Die wirtschaftliche Abwärtsbewegung spiegelt sich manchmal ganz unvermutet wider. Mir jedenfalls fällt auf, dass Geldstrafen immer billiger werden. Gerade bei Alltagsdelikten, in denen Staatsanwälte schon aus Zeitgründen kaum zum Einkommen ermitteln, geht es mit der routinemäßig angesetzten Höhe der Tagessätze stetig bergab.
Zur Erläuterung: Ein Tagessatz entspricht dem täglichen Nettoeinkommen; 30 Tagessätze sind also ein Monatsgehalt. Wer zu 40 Tagessätzen Geldstrafe verurteilt wird, dessen Strafe beläuft sich bei 600,00 € Einkommen auf 800,00 €. Wer dagegen 4.500,00 € nach Hause bringt, den kostet das gleiche Delikt 6.000,00 €.
Üblich sind mittlerweile Tagessätze zwischen 15,00 und 20,00 €, bei Berufstätigen vielleicht mal vorsichtige 30,00 €. Das Einkommen wird, anders lässt es sich nicht sagen, immer häufiger sehr zurückhaltend geschätzt. Natürlich würde ein gewissenhafter Staatsanwalt das nie tun, um dem Beschuldigten die Lust am Einspruch zu nehmen. Vielmehr kann ich mir die Entwicklung nur so erklären, dass man sehr zuvorkommend Rücksicht auf die allgemeine Ebbe in den Haushaltskassen nimmt.
Das führt mitunter zu merkwürdigen Situationen. So hat eine Mandantin neulich 60 Tagessätze á 15,00 € wegen einer Verkehrsunfallflucht kassiert. Vielleicht liegt es an ihrem ausländisch klingenden Namen oder ihrer schwarzen Hautfarbe, dass die Staatsanwältin insgesamt 900,00 € für ausreichend hielt. Zum Glück ist ihr nicht aufgefallen, dass die Mandantin den Bums mit einem nagelneuen Maserati (selbst verdient) gebaut hat.

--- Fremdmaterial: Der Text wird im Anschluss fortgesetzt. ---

lemma spectral_radius_eq_positive_left_eigvec:
  fixes A :: "nat \<Rightarrow> nat \<Rightarrow> real" and w :: "nat \<Rightarrow> real"
  assumes "n > 0"
    and nonneg: "\<And>i j. i < n \<Longrightarrow> j < n \<Longrightarrow> 0 \<le> A i j"
    and pos: "\<And>i. i < n \<Longrightarrow> 0 < w i"
    and left: "\<And>j. j < n \<Longrightarrow> (\<Sum>i<n. A i j * w i) = \<rho> * w j"
  shows "spectral_radius (mat n n (\<lambda>(i, j). complex_of_real (A i j))) = \<rho>"
proof -
  define M where "M = mat n n (\<lambda>(i, j). complex_of_real (A i j))"
  have M: "M \<in> carrier_mat n n"
    by (simp add: M_def)
  define W where "W = vec n (\<lambda>i. complex_of_real (w i))"
  have "transpose_mat M *\<^sub>v W = complex_of_real \<rho> \<cdot>\<^sub>v W"
  proof (rule eq_vecI)
    fix j assume "j < dim_vec (complex_of_real \<rho> \<cdot>\<^sub>v W)"
    then have "j < n" by (simp add: W_def)
    then have "(transpose_mat M *\<^sub>v W) $ j = complex_of_real (\<Sum>i<n. A i j * w i)"
      by (simp add: M_def W_def scalar_prod_def atLeast0LessThan)
    then show "(transpose_mat M *\<^sub>v W) $ j = (complex_of_real \<rho> \<cdot>\<^sub>v W) $ j"
      using \<open>j < n\<close> by (simp add: left W_def)
  qed (simp add: M_def W_def)
  moreover have "W \<noteq> 0\<^sub>v n"
    using pos[OF \<open>n > 0\<close>] \<open>n > 0\<close> by (auto simp: W_def dest: arg_cong[of _ _ "\<lambda>u. u $ 0"])
  ultimately have "eigenvalue (transpose_mat M) (complex_of_real \<rho>)"
    unfolding eigenvalue_def eigenvector_def using M by (intro exI[of _ W]) (simp add: W_def)
  then have "eigenvalue M (complex_of_real \<rho>)"
    using M by (simp add: eigenvalue_root_char_poly[of _ n])
  then have "norm (complex_of_real \<rho>) \<in> norm ` spectrum M"
    unfolding spectrum_def by (intro imageI) simp
  then have "\<bar>\<rho>\<bar> \<le> spectral_radius M"
    using spectral_radius_mem_max(2)[OF M \<open>n > 0\<close>] by simp
  moreover have "spectral_radius M \<le> \<rho>"
    using spectral_radius_mem_max(1)[OF M \<open>n > 0\<close>]
      norm_eigenvalue_le_positive_left_eigvec[OF nonneg pos left]
    by (auto simp: spectrum_def M_def)
  ultimately show ?thesis
    unfolding M_def by linarith
qed

lemma spectral_radius_incidence_mat:
  assumes "r > 0" and "non_erasing r \<sigma>"
    and "\<And>j. j < r \<Longrightarrow> (\<Sum>i<r. real (count_list (\<sigma> j) i) * real (length (\<sigma> i))) = \<rho> * real (length (\<sigma> j))"
  shows "spectral_radius (incidence_mat r \<sigma>) = \<rho>"
proof -
  have "0 < real (length (\<sigma> i))" if "i < r" for i
    using assms(2) that by (auto simp: non_erasing_def)
  then show ?thesis
    using spectral_radius_eq_positive_left_eigvec[OF assms(1), of "\<lambda>i j. real (count_list (\<sigma> j) i)"
        "\<lambda>i. real (length (\<sigma> i))" \<rho>] assms(3)
    by (simp add: incidence_mat_def)
qed

theorem theorem1:
  fixes r :: nat and \<sigma> :: "nat \<Rightarrow> nat list" and x :: "nat \<Rightarrow> nat"
  assumes "r > 1"
    and "is_morphism r \<sigma>"
    and "non_erasing r \<sigma>"
    and "infinite_fixed_point r \<sigma> x"
    and "left_eigvec_real (length_vec r \<sigma>) (incidence_mat r \<sigma>)"
  shows "\<exists>q::nat. spectral_radius (incidence_mat r \<sigma>) = real q \<and> automatic q x"
proof -
  have "r > 0"
    using assms(1) by simp
  obtain c where left: "\<And>j. j < r \<Longrightarrow>
      (\<Sum>i<r. real (count_list (\<sigma> j) i) * real (length (\<sigma> i))) = c * real (length (\<sigma> j))"
    using left_eigvec_real_length_vec[OF assms(5)] by blast
  have scal: "real (length (morph_img \<sigma> (\<sigma> a))) = c * real (length (\<sigma> a))" if "a < r" for a
    using length_morph_img_eq_sum_count[of "\<sigma> a" r \<sigma>] assms(2) left[OF that] that
    by (simp add: is_morphism_def)
  obtain q :: nat where q: "c = real q"
    using assms(2,3) \<open>r > 0\<close> scal by (rule length_scaling_factor_nat)
  have len: "\<forall>a<r. length (morph_img \<sigma> (\<sigma> a)) = q * length (\<sigma> a)"
    using scal unfolding q by (metis of_nat_eq_iff of_nat_mult)
  have "automatic q x"
    using assms(2,3,4) len scaling_factor_ge_two[OF assms(2,3,4) len]
    by (intro automatic_of_length_scaling) (auto simp: infinite_fixed_point_def)
  moreover have "spectral_radius (incidence_mat r \<sigma>) = real q"
    using \<open>r > 0\<close> assms(3) left unfolding q by (rule spectral_radius_incidence_mat)
  ultimately show ?thesis
    by blast
qed

end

Jedenfalls macht es bei ihrem Einkommen keinen Sinn, gegen die Zahl der Tagessätze anzugehen. Selbst wenn wir, was durchaus möglich ist, am Ende mit 40 Tagessätzen nach Hause gehen, droht durch die fällige Erhöhung der Sätze ein finanzielles Debakel ohnegleichen.

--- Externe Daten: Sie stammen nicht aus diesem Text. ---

(* The algorithm \textsc{Arrows} described in the context can be implemented so that its total running time over the horizon $t=1,\dots,n$ is $O(n\log n)$.
   Context: Haar transform: for $k$ a power of $2$, $H\in\mathbb{R}^{k\times k}$ is the orthonormal discrete Haar wavelet transform: $(Hv)_1=k^{-1/2}\sum_i v_i$, and for each level $l=0,\dots,\log_2k-1$ and $j=1,\dots,2^l$, splitting the block $\{(j-1)k/2^l+1,\dots,jk/2^l\}$ into first half $I^-$ and second half $I^+$, there is a coefficient $(\sum_{I^+}v_i-\sum_{I^-}v_i)/\sqrt{k/2^l}$; the level-$l$ coefficients form the block $\alpha[l]\in\mathbb{R}^{2^l}$. $pad_0(y_a,\dots,y_b)$ is $(y_a-\bar y_{a:b},\dots,y_b-\bar y_{a:b})$ ($\bar y_{a:b}$ the average) followed by zeros up to length $k$, the smallest power of $2$ $\ge b-a+1$. $T$ is coordinatewise soft thresholding at level $\sigma\sqrt{\beta\log n}$. Algorithm \textsc{Arrows} (inputs: horizon $n$, $\sigma>0$, $\delta\in(0,1]$, $\beta>24$; observations $y_1,\dots,y_n$ arrive online): set $t_h=1$, $newBin=1$, $y_0=0$. For $t=1,\dots,n$: if $newBin=1$ predict $x_t=y_{t-1}$, else $x_t=\bar y_{t_h:t-1}$; set $newBin=0$, observe $y_t$; let $\tilde y=pad_0(y_{t_h},\dots,y_t)$ with length $k$ and $\hat\alpha=T(H\tilde y)$; if $\frac{1}{\sqrt k}\sum_{l=0}^{\log_2k-1}2^{l/2}\|\hat\alpha[l]\|_1>\frac{\sigma}{\sqrt k}$ then set $newBin=1$, $t_h=t+1$. *)

theory Defs
  imports Complex_Main
begin

definition obs :: "real list \<Rightarrow> nat \<Rightarrow> real" where
  "obs ys t = (if t = 0 then 0 else ys ! (t - 1))"

definition avg :: "real list \<Rightarrow> nat \<Rightarrow> nat \<Rightarrow> real" where
  "avg ys a b = (\<Sum>i=a..b. obs ys i) / real (b - a + 1)"

definition nlev :: "nat \<Rightarrow> nat" where
  "nlev m = (LEAST p. m \<le> 2 ^ p)"

definition pad0 :: "real list \<Rightarrow> nat \<Rightarrow> nat \<Rightarrow> nat \<Rightarrow> real" where
  "pad0 ys a b i = (if 1 \<le> i \<and> i \<le> b - a + 1 then obs ys (a + i - 1) - avg ys a b else 0)"

definition haar_detail :: "nat \<Rightarrow> (nat \<Rightarrow> real) \<Rightarrow> nat \<Rightarrow> nat \<Rightarrow> real" where
  "haar_detail k v l j =
     (let s = (j - 1) * (k div 2 ^ l); h = k div 2 ^ (Suc l) in
       ((\<Sum>i=s+h+1..s+2*h. v i) - (\<Sum>i=s+1..s+h. v i)) / sqrt (real k / 2 ^ l))"

definition soft_thr :: "real \<Rightarrow> real \<Rightarrow> real" where
  "soft_thr lam x = sgn x * max (\<bar>x\<bar> - lam) 0"

text \<open>The bin-closing test after observing y_b, current bin starting at a.\<close>
definition split_test :: "nat \<Rightarrow> real \<Rightarrow> real \<Rightarrow> real list \<Rightarrow> nat \<Rightarrow> nat \<Rightarrow> bool" where
  "split_test n \<sigma> \<beta> ys a b =
     (let L = nlev (b - a + 1); k = 2 ^ L; v = pad0 ys a b;
          lam = \<sigma> * sqrt (\<beta> * ln (real n)) in
      (1 / sqrt (real k)) * (\<Sum>l<L. 2 powr (real l / 2) *
          (\<Sum>j=1..2^l. \<bar>soft_thr lam (haar_detail k v l j)\<bar>)) > \<sigma> / sqrt (real k))"

text \<open>State (t_h, newBin) after rounds 1..t.\<close>
fun arrows_state :: "nat \<Rightarrow> real \<Rightarrow> real \<Rightarrow> real list \<Rightarrow> nat \<Rightarrow> nat \<times> bool" where
  "arrows_state n \<sigma> \<beta> ys 0 = (1, True)"
| "arrows_state n \<sigma> \<beta> ys (Suc t) =
     (let th = fst (arrows_state n \<sigma> \<beta> ys t) in
      if split_test n \<sigma> \<beta> ys th (Suc t) then (Suc t + 1, True) else (th, False))"

definition arrows_pred :: "nat \<Rightarrow> real \<Rightarrow> real \<Rightarrow> real list \<Rightarrow> nat \<Rightarrow> real" where
  "arrows_pred n \<sigma> \<beta> ys t =
     (let (th, nb) = arrows_state n \<sigma> \<beta> ys (t - 1) in
      if nb then obs ys (t - 1) else avg ys th (t - 1))"

section \<open>A unit-cost RAM model with online input/output\<close>

text \<open>Integer (nat) memory and real memory, both indirectly addressed by naturals.
  Reals can be built from nats but not converted back (no floor).\<close>

datatype nexp = NC nat | NLd nexp | NPlus nexp nexp | NMinus nexp nexp | NTimes nexp nexp
  | NDiv nexp nexp | NMod nexp nexp

datatype rexp = RC real | RLd nexp | ROfNat nexp | RPlus rexp rexp | RMinus rexp rexp
  | RTimes rexp rexp | RDivide rexp rexp | RSqrt rexp | RLn rexp | RAbs rexp

datatype bexp = BNLess nexp nexp | BRLess rexp rexp | BNot bexp | BAnd bexp bexp

datatype com = Skip | NStore nexp nexp | RStore nexp rexp | Seq com com | If bexp com com
  | While bexp com | Read nexp | Write rexp

datatype event = ReadEv | OutEv real

record state =
  nmem :: "nat \<Rightarrow> nat"
  rmem :: "nat \<Rightarrow> real"
  inp :: "real list"
  trace :: "event list"

fun nval :: "nexp \<Rightarrow> state \<Rightarrow> nat" where
  "nval (NC c) s = c"
| "nval (NLd a) s = nmem s (nval a s)"
| "nval (NPlus a b) s = nval a s + nval b s"
| "nval (NMinus a b) s = nval a s - nval b s"
| "nval (NTimes a b) s = nval a s * nval b s"
| "nval (NDiv a b) s = nval a s div nval b s"
| "nval (NMod a b) s = nval a s mod nval b s"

Hätte man für den Sportwagen noch irgend eine Erklärung finden können, scheiterte die Sache ohnehin an entschiedener Unlust der Mandantin. Als ich ihr erklärte, dass sie sich für den Gerichtstermin auf jeden Fall brutal runterstylen muss, war das Thema Einspruch erledigt.